### Exercise prompt
Using the listing below, select the lines with the word "False" and copy them.

### Input data
- Opening Delimiter -

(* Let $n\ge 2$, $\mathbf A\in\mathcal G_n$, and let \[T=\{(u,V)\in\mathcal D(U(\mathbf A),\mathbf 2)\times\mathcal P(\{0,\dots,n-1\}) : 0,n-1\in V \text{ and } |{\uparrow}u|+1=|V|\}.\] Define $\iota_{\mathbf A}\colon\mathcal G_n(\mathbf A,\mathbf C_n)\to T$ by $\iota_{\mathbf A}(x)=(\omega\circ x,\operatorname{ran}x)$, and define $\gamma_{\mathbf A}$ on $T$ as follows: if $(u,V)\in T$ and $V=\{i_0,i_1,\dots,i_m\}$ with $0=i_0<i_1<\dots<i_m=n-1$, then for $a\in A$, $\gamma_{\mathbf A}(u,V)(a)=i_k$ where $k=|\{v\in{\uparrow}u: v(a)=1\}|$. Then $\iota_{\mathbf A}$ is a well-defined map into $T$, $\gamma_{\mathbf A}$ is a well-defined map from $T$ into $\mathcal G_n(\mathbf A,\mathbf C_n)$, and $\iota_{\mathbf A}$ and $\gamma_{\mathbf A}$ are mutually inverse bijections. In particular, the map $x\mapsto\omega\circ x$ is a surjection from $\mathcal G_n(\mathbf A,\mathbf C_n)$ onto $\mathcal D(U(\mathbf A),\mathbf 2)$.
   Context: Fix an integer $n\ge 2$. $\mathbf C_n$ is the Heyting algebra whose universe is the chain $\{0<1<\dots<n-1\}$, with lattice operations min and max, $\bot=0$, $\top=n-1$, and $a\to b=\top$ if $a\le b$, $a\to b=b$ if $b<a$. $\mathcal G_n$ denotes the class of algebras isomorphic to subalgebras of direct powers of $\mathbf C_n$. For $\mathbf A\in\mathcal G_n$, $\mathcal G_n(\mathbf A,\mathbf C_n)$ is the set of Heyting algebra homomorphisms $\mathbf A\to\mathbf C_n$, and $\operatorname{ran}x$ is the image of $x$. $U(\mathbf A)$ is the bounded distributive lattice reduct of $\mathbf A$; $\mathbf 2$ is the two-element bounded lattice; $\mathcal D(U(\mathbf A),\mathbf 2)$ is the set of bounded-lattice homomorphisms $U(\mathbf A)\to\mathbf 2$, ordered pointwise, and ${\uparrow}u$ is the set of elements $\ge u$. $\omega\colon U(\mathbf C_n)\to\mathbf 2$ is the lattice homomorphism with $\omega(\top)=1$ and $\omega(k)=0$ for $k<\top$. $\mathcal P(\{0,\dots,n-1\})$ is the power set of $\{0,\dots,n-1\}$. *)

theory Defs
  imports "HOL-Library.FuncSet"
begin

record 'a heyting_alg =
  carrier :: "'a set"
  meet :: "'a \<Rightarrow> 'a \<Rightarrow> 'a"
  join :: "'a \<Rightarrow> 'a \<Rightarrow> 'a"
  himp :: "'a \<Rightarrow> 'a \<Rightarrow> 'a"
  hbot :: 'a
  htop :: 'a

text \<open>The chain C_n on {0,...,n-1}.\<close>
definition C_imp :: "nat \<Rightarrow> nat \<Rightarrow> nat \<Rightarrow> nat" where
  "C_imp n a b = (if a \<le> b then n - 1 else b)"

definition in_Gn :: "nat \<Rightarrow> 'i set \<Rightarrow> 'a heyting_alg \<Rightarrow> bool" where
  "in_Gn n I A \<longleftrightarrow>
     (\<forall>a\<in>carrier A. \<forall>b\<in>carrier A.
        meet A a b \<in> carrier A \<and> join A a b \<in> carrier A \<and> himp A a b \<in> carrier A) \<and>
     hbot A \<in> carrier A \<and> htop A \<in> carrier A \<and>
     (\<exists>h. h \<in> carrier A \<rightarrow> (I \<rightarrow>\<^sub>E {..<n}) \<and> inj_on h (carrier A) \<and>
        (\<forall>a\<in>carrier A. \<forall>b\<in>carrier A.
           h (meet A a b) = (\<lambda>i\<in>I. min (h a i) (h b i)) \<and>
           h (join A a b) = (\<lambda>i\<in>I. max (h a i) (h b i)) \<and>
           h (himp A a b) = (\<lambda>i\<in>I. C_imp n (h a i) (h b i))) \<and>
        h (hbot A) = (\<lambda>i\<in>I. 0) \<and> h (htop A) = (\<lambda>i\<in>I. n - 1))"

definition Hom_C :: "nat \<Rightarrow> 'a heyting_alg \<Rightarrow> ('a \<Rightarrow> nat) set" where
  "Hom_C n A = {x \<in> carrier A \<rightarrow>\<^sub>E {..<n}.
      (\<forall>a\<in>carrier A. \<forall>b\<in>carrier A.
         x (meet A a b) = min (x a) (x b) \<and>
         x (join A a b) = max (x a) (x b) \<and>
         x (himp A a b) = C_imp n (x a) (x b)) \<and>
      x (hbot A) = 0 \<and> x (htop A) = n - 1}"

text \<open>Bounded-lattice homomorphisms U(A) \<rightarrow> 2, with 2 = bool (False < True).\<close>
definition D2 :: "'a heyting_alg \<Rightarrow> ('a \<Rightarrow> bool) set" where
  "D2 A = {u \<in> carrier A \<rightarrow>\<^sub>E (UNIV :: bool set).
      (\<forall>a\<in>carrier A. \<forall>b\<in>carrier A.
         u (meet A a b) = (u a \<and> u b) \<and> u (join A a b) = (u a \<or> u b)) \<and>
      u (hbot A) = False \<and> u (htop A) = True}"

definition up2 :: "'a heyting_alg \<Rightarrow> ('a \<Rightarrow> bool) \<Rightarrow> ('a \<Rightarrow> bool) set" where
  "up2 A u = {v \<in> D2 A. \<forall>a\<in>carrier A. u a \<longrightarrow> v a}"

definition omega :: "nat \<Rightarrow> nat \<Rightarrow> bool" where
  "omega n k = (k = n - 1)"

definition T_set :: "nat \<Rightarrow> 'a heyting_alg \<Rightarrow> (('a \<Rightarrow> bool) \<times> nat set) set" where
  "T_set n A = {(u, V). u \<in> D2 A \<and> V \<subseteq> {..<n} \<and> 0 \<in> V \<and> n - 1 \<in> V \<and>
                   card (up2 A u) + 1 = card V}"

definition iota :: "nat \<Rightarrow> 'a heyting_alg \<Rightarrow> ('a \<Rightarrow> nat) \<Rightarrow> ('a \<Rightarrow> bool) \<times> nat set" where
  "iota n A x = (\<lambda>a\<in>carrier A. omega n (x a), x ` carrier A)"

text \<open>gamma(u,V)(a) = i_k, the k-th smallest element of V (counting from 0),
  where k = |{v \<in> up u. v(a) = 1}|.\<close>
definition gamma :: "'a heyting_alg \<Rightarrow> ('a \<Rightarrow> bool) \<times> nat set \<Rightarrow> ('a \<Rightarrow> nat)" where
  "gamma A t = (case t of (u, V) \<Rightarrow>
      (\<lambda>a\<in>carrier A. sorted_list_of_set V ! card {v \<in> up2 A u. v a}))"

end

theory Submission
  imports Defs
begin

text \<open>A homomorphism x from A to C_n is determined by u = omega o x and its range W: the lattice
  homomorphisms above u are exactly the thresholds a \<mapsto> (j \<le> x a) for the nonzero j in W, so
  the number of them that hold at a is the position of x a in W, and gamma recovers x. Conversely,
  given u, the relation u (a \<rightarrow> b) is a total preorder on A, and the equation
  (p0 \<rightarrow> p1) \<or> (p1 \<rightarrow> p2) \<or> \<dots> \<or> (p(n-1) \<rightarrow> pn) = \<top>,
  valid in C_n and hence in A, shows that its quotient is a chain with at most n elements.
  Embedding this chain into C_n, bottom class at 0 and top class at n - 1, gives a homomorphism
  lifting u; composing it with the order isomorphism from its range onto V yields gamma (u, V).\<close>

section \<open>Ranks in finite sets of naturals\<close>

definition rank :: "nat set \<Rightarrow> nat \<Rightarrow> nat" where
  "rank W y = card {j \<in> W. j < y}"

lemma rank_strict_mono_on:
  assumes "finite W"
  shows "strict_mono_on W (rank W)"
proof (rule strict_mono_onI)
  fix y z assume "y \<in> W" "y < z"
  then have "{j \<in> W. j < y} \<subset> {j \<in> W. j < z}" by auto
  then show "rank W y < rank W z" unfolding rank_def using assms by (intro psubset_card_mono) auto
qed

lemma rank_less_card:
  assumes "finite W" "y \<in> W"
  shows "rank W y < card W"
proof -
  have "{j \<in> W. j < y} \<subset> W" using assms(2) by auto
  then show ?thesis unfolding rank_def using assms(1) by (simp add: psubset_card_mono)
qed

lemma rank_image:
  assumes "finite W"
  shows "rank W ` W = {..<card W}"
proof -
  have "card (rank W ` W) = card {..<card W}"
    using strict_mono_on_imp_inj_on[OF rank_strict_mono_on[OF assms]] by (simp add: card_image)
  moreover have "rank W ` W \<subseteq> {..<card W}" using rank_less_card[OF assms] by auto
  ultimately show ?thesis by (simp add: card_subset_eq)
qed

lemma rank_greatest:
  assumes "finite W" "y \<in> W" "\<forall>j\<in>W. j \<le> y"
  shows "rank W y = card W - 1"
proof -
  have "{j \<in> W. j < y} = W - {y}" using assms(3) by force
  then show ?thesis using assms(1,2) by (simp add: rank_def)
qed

- Closing Delimiter -
- Opening Delimiter -

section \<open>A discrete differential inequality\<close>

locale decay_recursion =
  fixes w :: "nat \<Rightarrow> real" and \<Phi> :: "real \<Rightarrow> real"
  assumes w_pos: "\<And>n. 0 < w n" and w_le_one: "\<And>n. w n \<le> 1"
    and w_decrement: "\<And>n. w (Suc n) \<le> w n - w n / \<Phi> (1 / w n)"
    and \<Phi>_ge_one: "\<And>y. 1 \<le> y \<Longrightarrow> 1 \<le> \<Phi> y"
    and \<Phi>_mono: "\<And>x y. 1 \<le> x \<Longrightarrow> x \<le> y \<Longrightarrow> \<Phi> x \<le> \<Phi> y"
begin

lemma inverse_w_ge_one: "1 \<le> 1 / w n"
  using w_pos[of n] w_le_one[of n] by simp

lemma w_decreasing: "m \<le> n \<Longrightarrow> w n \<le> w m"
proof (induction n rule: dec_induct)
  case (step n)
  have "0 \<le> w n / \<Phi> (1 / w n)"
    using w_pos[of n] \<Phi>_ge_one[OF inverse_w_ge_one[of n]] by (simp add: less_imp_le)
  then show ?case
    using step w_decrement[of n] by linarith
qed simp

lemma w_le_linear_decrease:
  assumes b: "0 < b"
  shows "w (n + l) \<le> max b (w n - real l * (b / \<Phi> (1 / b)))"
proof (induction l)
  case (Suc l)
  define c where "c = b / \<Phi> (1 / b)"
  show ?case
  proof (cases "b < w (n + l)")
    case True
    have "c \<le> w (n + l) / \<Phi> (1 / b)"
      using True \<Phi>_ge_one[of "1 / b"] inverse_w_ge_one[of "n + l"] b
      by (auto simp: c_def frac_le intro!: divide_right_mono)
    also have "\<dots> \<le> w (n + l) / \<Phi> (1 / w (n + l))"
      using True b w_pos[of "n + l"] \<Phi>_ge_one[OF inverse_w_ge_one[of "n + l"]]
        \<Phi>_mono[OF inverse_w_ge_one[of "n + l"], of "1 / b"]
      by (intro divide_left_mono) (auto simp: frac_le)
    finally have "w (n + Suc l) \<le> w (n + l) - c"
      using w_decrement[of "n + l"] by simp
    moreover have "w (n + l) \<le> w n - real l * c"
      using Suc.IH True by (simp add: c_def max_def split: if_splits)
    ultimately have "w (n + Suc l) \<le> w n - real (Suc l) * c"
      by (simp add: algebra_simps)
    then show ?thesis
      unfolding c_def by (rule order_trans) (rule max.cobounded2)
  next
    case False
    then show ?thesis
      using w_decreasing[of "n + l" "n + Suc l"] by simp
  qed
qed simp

- Closing Delimiter -

### Exercise answer
text \<open>Bounded-lattice homomorphisms U(A) \<rightarrow> 2, with 2 = bool (False < True).\<close>
      u (hbot A) = False \<and> u (htop A) = True}"
    case False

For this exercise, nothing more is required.